In Washington state, where Republicans chose the presidential nominee in 2000 through a combination of local caucuses and a statewide primary, the party is looking to shift more power to the caucuses. Traditionally, conservative activists, from abortion opponents to gun-rights proponents, have dominated caucuses, in Washington and elsewhere.

In 2000, McCain won Michigan’s primary with hundreds of thousands of votes from independents and Dems, and he did nearly as well in Washington state. If these plans move forward, he may have a tougher time in the next go-around. Regardless of what one thinks of McCain, this idea of limiting participation strikes me as a good idea.

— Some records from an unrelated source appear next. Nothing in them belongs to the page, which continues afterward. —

lemma nn_integral_lborel_shear:
  fixes f :: "complex \<Rightarrow> ennreal"
  assumes f: "f \<in> borel_measurable borel"
  shows "(\<integral>\<^sup>+ w. f (shear_Re a w) \<partial>lborel) = (\<integral>\<^sup>+ w. f w \<partial>lborel)"
    and "(\<integral>\<^sup>+ w. f (shear_Im b w) \<partial>lborel) = (\<integral>\<^sup>+ w. f w \<partial>lborel)"
proof -
  have f_Re: "(\<lambda>x. f (Complex x y)) \<in> borel_measurable borel" for y
    by (rule measurable_compose[OF borel_measurable_continuous_onI f])
      (unfold Complex_eq, intro continuous_intros)
  have f_Im: "(\<lambda>y. f (Complex x y)) \<in> borel_measurable borel" for x
    by (rule measurable_compose[OF borel_measurable_continuous_onI f])
      (unfold Complex_eq, intro continuous_intros)
  have "(\<integral>\<^sup>+ x. f (Complex (x + a * y) y) \<partial>lborel) = (\<integral>\<^sup>+ x. f (Complex x y) \<partial>lborel)" for y
    using nn_integral_real_affine[OF f_Re[of y], of 1 "a * y"] by (simp add: add.commute)
  then show "(\<integral>\<^sup>+ w. f (shear_Re a w) \<partial>lborel) = (\<integral>\<^sup>+ w. f w \<partial>lborel)"
    using measurable_compose[OF borel_measurable_continuous_onI[OF continuous_on_shear(1)] f]
    by (simp add: nn_integral_lborel_complex(2) f shear_Re_def)
  have "(\<integral>\<^sup>+ y. f (Complex x (y + b * x)) \<partial>lborel) = (\<integral>\<^sup>+ y. f (Complex x y) \<partial>lborel)" for x
    using nn_integral_real_affine[OF f_Im[of x], of 1 "b * x"] by (simp add: add.commute)
  then show "(\<integral>\<^sup>+ w. f (shear_Im b w) \<partial>lborel) = (\<integral>\<^sup>+ w. f w \<partial>lborel)"
    using measurable_compose[OF borel_measurable_continuous_onI[OF continuous_on_shear(2)] f]
    by (simp add: nn_integral_lborel_complex(1) f shear_Im_def)
qed
(* Let $m=2^p>2$ and let $r_1,\dots,r_m\in\{1,\dots,m\}$ (repetitions allowed). Let $A$ be the $m\times m$ matrix whose $i$-th row is the $r_i$-th row of $H(m)$. If $b(r_1-1)\oplus b(r_2-1)\oplus\dots\oplus b(r_m-1)=0$, then $\mathrm{perm}\,A\neq0$.
   Context: For $m=2^p$, the Sylvester matrix $H(m)$ is defined recursively by $H(1)=[1]$ and $H(2^p)=\begin{bmatrix}H(2^{p-1})&H(2^{p-1})\\ H(2^{p-1})&-H(2^{p-1})\end{bmatrix}$, rows and columns indexed $1,\dots,m$; equivalently $[H(m)]_{i,j}=(-1)^{b(i-1)\odot b(j-1)}$. Here $b(x)$ denotes the $p$-bit binary representation of $x\in\{0,\dots,m-1\}$, $\odot$ is the bitwise dot product and $\oplus$ is bitwise XOR. $\mathrm{perm}\,A=\sum_{\sigma\in S_m}\prod_{i=1}^m a_{i,\sigma(i)}$. *)

theory Defs
  imports "HOL-Combinatorics.Permutations"
begin

text \<open>The i-th bit of the p-bit binary representation b(x) is bit x i, for i < p.
  Bitwise dot product of b(x) and b(y), taken mod 2 in the exponent.\<close>
definition bdot :: "nat \<Rightarrow> nat \<Rightarrow> nat \<Rightarrow> nat" where
  "bdot p x y = (\<Sum>k<p. (if bit x k \<and> bit y k then 1 else 0))"

text \<open>Sylvester matrix H(2^p), rows and columns indexed 1..2^p.\<close>
definition sylvester :: "nat \<Rightarrow> nat \<Rightarrow> nat \<Rightarrow> int" where
  "sylvester p i j = (-1) ^ bdot p (i - 1) (j - 1)"

definition perm :: "nat \<Rightarrow> (nat \<Rightarrow> nat \<Rightarrow> int) \<Rightarrow> int" where
  "perm m A = (\<Sum>\<sigma> \<in> {\<sigma>. \<sigma> permutes {1..m}}. \<Prod>i=1..m. A i (\<sigma> i))"

definition xor_all :: "nat \<Rightarrow> (nat \<Rightarrow> nat) \<Rightarrow> nat" where
  "xor_all m r = foldr (\<lambda>i acc. xor (r i - 1) acc) [1..<m+1] 0"

end

theory Submission
  imports Defs
begin

text \<open>
  The rows of \<open>H(2^q)\<close> are the characters \<open>\<chi>\<^sub>x(y) = (-1)^(b(x)\<odot>b(y))\<close> of
  \<open>(\<int>/2)^q\<close>. Consider more generally the permanent of the matrix with rows
  \<open>\<chi>\<^bsub>X i\<^esub>\<close>, \<open>i \<in> I\<close>, and with every column of \<open>H(2^q)\<close> repeated \<open>2^s\<close> times,
  where \<open>|I| = M = 2^(s+q)\<close>. If bit \<open>k\<close> of the XOR of the labels \<open>X i\<close> is set,
  translating the columns by \<open>e\<^sub>k\<close> multiplies the permanent by \<open>-1\<close>, so it vanishes.
  If the XOR is zero, the permanent is congruent to \<open>M!\<close> modulo \<open>2^M\<close>, by induction on
  \<open>q\<close>: a Laplace expansion along the columns with even and with odd \<open>y\<close> compares it
  with the same permanent for the labels \<open>X i div 2\<close>, \<open>q - 1\<close> bits and twice the
  multiplicity. The difference is a sum over the subsets \<open>R\<close>
  of size \<open>M/2\<close> whose terms agree for \<open>R\<close> and \<open>I - R\<close> and, by induction, are divisible
  by \<open>2 \<cdot> 2^(M/2-1) \<cdot> 2^(M/2-1)\<close>. For \<open>m = 2^p\<close> the exponent of \<open>2\<close> in \<open>m!\<close> is \<open>m - 1\<close>,
  so the permanent is nonzero.
\<close>

text \<open>Permanent of a matrix with rows indexed by \<open>I\<close> and columns by \<open>J\<close>; the bijections
  \<open>I \<rightarrow> J\<close> are taken extensional so that each is counted once.\<close>

definition ext_bijections :: "'a set \<Rightarrow> 'b set \<Rightarrow> ('a \<Rightarrow> 'b) set" where
  "ext_bijections I J = {\<sigma> \<in> extensional I. bij_betw \<sigma> I J}"

definition permanent :: "'a set \<Rightarrow> 'b set \<Rightarrow> ('a \<Rightarrow> 'b \<Rightarrow> 'c::comm_semiring_1) \<Rightarrow> 'c" where
  "permanent I J a = (\<Sum>\<sigma>\<in>ext_bijections I J. \<Prod>i\<in>I. a i (\<sigma> i))"

lemma finite_ext_bijections: "finite I \<Longrightarrow> finite J \<Longrightarrow> finite (ext_bijections I J)"
  by (rule finite_subset[of _ "PiE I (\<lambda>_. J)"])
     (auto simp: ext_bijections_def PiE_iff bij_betw_def extensional_def intro: finite_PiE)

lemma restrict_in_ext_bijections: "bij_betw \<sigma> I J \<Longrightarrow> restrict \<sigma> I \<in> ext_bijections I J"
  by (simp add: ext_bijections_def bij_betw_cong[of I "restrict \<sigma> I" \<sigma>])

lemma permanent_cong:
  assumes "\<And>i j. i \<in> I \<Longrightarrow> j \<in> J \<Longrightarrow> a i j = b i j"
  shows "permanent I J a = permanent I J b"
  unfolding permanent_def
proof (intro sum.cong prod.cong refl)
  fix \<sigma> i assume "\<sigma> \<in> ext_bijections I J" "i \<in> I"
  then show "a i (\<sigma> i) = b i (\<sigma> i)"
    using assms by (auto simp: ext_bijections_def bij_betw_def)
qed
theorem lemma15:
  fixes \<tau> \<eta> C c2 :: real
  assumes "0 \<le> \<tau>" and "\<tau> \<le> 1" and "\<eta> \<ge> 1" and "C > 0" and "c2 > 0"
  shows "\<exists>cT cK :: real. \<exists>p :: nat. cT > 0 \<and> cK > 0 \<and>
    (\<forall>(MX :: 'a measure) (D :: ('a \<times> bool) measure) (H :: ('a \<Rightarrow> bool) set) (hstar :: 'a \<Rightarrow> bool)
       (d :: nat) (n :: nat) (S :: nat \<Rightarrow> 'a \<times> bool) (P :: nat \<Rightarrow> nat set) (K :: nat)
       (hs :: nat \<Rightarrow> 'a \<Rightarrow> bool) (m :: nat) (x :: nat \<Rightarrow> 'a) (\<epsilon> :: real) (\<delta> :: real)
       (\<beta> :: real) (\<gamma> :: real) (T :: nat).
      prob_space D \<and> sets D = sets (MX \<Otimes>\<^sub>M count_space UNIV) \<and>
      vc_dim H d \<and> 1 \<le> d \<and> d \<le> n \<and>
      hstar \<in> H \<and> bayes_optimal MX D hstar \<and> tsybakov D H hstar \<eta> \<tau> \<and>
      0 < \<epsilon> \<and> \<epsilon> \<le> 1 \<and> 0 < \<delta> \<and> \<delta> \<le> 1/2 \<and> 0 < \<beta> \<and> \<beta> < 1 \<and> 0 < \<gamma> \<and> \<gamma> < 1 \<and> 1 \<le> m \<and>
      K = nat \<lceil>cK * ln (real m * real T / min \<delta> \<beta>) * sqrt (real T * ln (1 / \<delta>)) / \<epsilon>\<rceil> \<and>
      real T \<ge> cT * max 1 ((real m powr (2 - \<tau>) * real d powr \<tau> / (real n * \<epsilon>) powr \<tau>)
                              powr (2 / (4 - 3 * \<tau>)))
              * (ln (real K * real m * real n * real T / (\<gamma> * \<beta> * \<delta>))) ^ p \<and>
      even_split n K P \<and>
      (\<forall>k<K. hs k \<in> H \<and> (\<forall>g\<in>H. emp_err S (P k) (hs k) \<le> emp_err S (P k) g)) \<and>
      (\<forall>k<K. Dis D (hs k) hstar
               \<le> C * ((real d * real K * ln (real n / real d) + ln (real K / \<gamma>)) / real n)
                      powr (\<tau> / (2 - \<tau>))) \<and>
      (\<forall>k<K. real (card {j. j < m \<and> hs k (x j) \<noteq> hstar (x j)})
               \<le> c2 * max (real m * Dis D (hs k) hstar) (ln (real K / \<gamma>)))
      \<longrightarrow>
      (let w = svt_w m T \<epsilon> \<delta>; N = svt_noise T m (svt_lambda T \<epsilon> \<delta>) in
       measure N {\<omega> \<in> space N.
          svt_cnt hs K T w (fst \<omega>) (snd \<omega>) x m < T \<and>
          (\<forall>r :: nat \<Rightarrow> bool.
             card {j. j < m \<and> (case svt_out hs K T w (fst \<omega>) (snd \<omega>) x j of Some b \<Rightarrow> b | None \<Rightarrow> r j)
                              \<noteq> hstar (x j)} \<le> T)} \<ge> 1 - \<beta>))"
proof -
  have "0 \<le> 193536 * c2 * C"
    using assms by simp
  then have cT: "0 < (193536 * c2 * C + 96 * c2 + 1)\<^sup>2"
    using assms by (intro zero_less_power) linarith
  show ?thesis
  proof (rule exI[of _ "(193536 * c2 * C + 96 * c2 + 1)\<^sup>2"], rule exI[of _ "500 :: real"],
      rule exI[of _ "6 :: nat"], intro conjI allI impI)
    show "0 < (193536 * c2 * C + 96 * c2 + 1)\<^sup>2"
      by (rule cT)
    show "(0 :: real) < 500"
      by simp
  qed (elim conjE, rule svt_pseudo_labels_within_budget[OF assms(1,2,4,5)]; (assumption | blast))
qed

end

Maybe my opinion is in the minority on this, but I’ve never understood the reasoning behind open primaries. If Republicans are going to choose a party nominee, it makes sense to limit the choice to other Republicans. The same holds true, of course, for Dems. Allowing others to participate in a primary opens the door to manipulation — outsiders can vote for the worst candidate in order to hurt the party.

Sure, allowing everyone to vote in an open process may help highlight candidates with broad appeal, but that seems like the kind of quality primary voters should be considering anyway when choosing a nominee. Am I wildly off base here?

I hope they succeed in closing all the primaries.

McCain is not a moderate. He is a very conservative and religious politican. He may be regarded as a maverack by his pork-corrupted collegues, but that does not mean he shares most Americans’ views or positions. Nor does it mean he will not happily use the threat of congressional regulation to suck money out of business, as he did a few years ago with the Airline Industry over passengar satisfaction 😉

That said, if the Republican party is not smart enough to nominate McCain in 2000 or 2008, then let them answer to GOD for their iniquities.

…offering us two Texas oilmen in 2000 and telling us that would solve our energy problems. Bloody twits (that would be the whole Republican party)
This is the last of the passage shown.